# anyone run any Apollo Horticulture



## N.E.wguy (Aug 15, 2013)

bought cause was half price of htg and i already know what u get from htg so i ordered this via ebay

Apollo Horticulture 600 Watt 600w MH HPS Grow Lights Digital System Set[Cool Tube,1 HPS & 1 MH Each]
hxxp://www.apollohorticulture.com/product/600-watt-grow-light-digital-e-ballast-apl600_16.html
h??p://www.ebay.com/itm/171015859655?var=470242214046&ssPageName=STRK:MEWNX:IT&_trksid=p3984.m1497.l2649

review i found hxxps://www.icmag.com/ic/showthread.php?t=255377


----------



## N.E.wguy (Aug 16, 2013)

on it's way added a few reviews looks all good folks time will tell gonna 247 it


----------



## mikeydean (Aug 17, 2013)

the first two that I got worked so well that I got two more!!:woohoo:


----------



## N.E.wguy (Aug 17, 2013)

thanks MD i seen alot of good revs plus cust service can actually help u fix! to keep u running or swap it so ya 2:1 i like that idea rather 4 light then 2


----------



## budz4me (Aug 17, 2013)

I am currently running the 400W version of that light. Only issue I had was the MH bulb was faulty from the get go....sent them a complaint about it and 2 days later I had a brand new MH bulb...they didnt even want the old one returned to them!

So far I am really liking it, and so is my lady


----------



## mikeydean (Aug 17, 2013)

Kinda same thing with me, arrived tube broken, email and within 30 mins. got a reply and a return ups label. four days later new light and all...


----------



## N.E.wguy (Aug 21, 2013)

thing fired right up. looks nice, fan sounds quiet. only tried mh will try the hps(free) in a bit. (htg wants $ for 2nd bulb) 
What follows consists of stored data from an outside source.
(* Let $(H,\Delta)$ be a Hopf algebra with invariant functionals and $(A,\alpha)$ an $I$-Galois object. Then there exists a left complete invariant functional $\psi_A:A\to k$, and there exists a right complete invariant functional $\psi'_A:A\to k$.
   Context: $H$ has invariant functionals: nonzero $\varphi,\psi:H\to k$ with $(\mathrm{id}\otimes\varphi)\Delta(h)=\varphi(h)1$, $(\psi\otimes\mathrm{id})\Delta(h)=\psi(h)1$. An $I$-Galois object is a right $H$-comodule algebra $(A,\alpha)$ (possibly non-unital) with bijective Galois map $A\otimes_{A^\alpha}A\to A\otimes H$, $a\otimes b\mapsto(a\otimes1)\alpha(b)$, and coinvariant algebra $A^\alpha$ identified with $k_I=\bigoplus_{i\in I}k$, minimal idempotents $p_i$. A linear functional $\psi_A:A\to k$ is invariant if $(\psi_A\otimes\mathrm{id})\alpha(x)=\psi_A(x)1_H$ for all $x\in A$; it is left complete if $\psi_A(p_i\,\cdot)\ne0$ for every $i\in I$, and right complete if $\psi_A(\cdot\,p_j)\neq0$ for every $j\in I$. *)

theory Defs
  imports Complex_Main
begin

(* Vector spaces over a field 'k are abstract types with an explicit scalar
   multiplication satisfying Vector_Spaces.vector_space.
   Algebraic tensors V (x) W are represented by finite lists of pure tensors
   [(v1,w1),...]; two representatives denote the same tensor iff they agree
   under all pairs of linear functionals (for vector spaces over a field the
   canonical map V (x) W -> (V^* (x) W^* )^* is injective, so this is exactly
   equality in the algebraic tensor product). *)

definition tev :: "('v \<times> 'w) list \<Rightarrow> ('v \<Rightarrow> 'k::comm_ring) \<Rightarrow> ('w \<Rightarrow> 'k) \<Rightarrow> 'k" where
  "tev t f g = (\<Sum>(v,w)\<leftarrow>t. f v * g w)"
ul rated / 3 yr warranty nice box with pic info and 3 yr warranty stated right on it. shipped out of cali. lots of info for both the tube and ballest. pretty professional looking set up and co so far let the light begin  also came with both 120/240 plugs (htg did not) 


I bought a 1k from htg pos took them 3 ballests and an upgrade to make it right lets see what 1/3$ gets me  not to mention shipping was terrible adn box was plain white no instructions etc


----------



## N.E.wguy (Aug 22, 2013)

ran all night and currently on still ballest cool to touch still quiet actually more then the htg ballest but thats running 1k not [email protected]%

real long fixture to ballest cord also. very small foot print for ballest as well like 3x10"


----------



## Gary Ganja (Sep 5, 2013)

I too saw that theyre prices were cheaper then htg and thought about giving them a play. My third attempt at growing so and wanted good hardware not cheap but the reviews seem good


----------



## oldsman (Sep 22, 2013)

Been running the 600W for a year now with no problems or complaints.


----------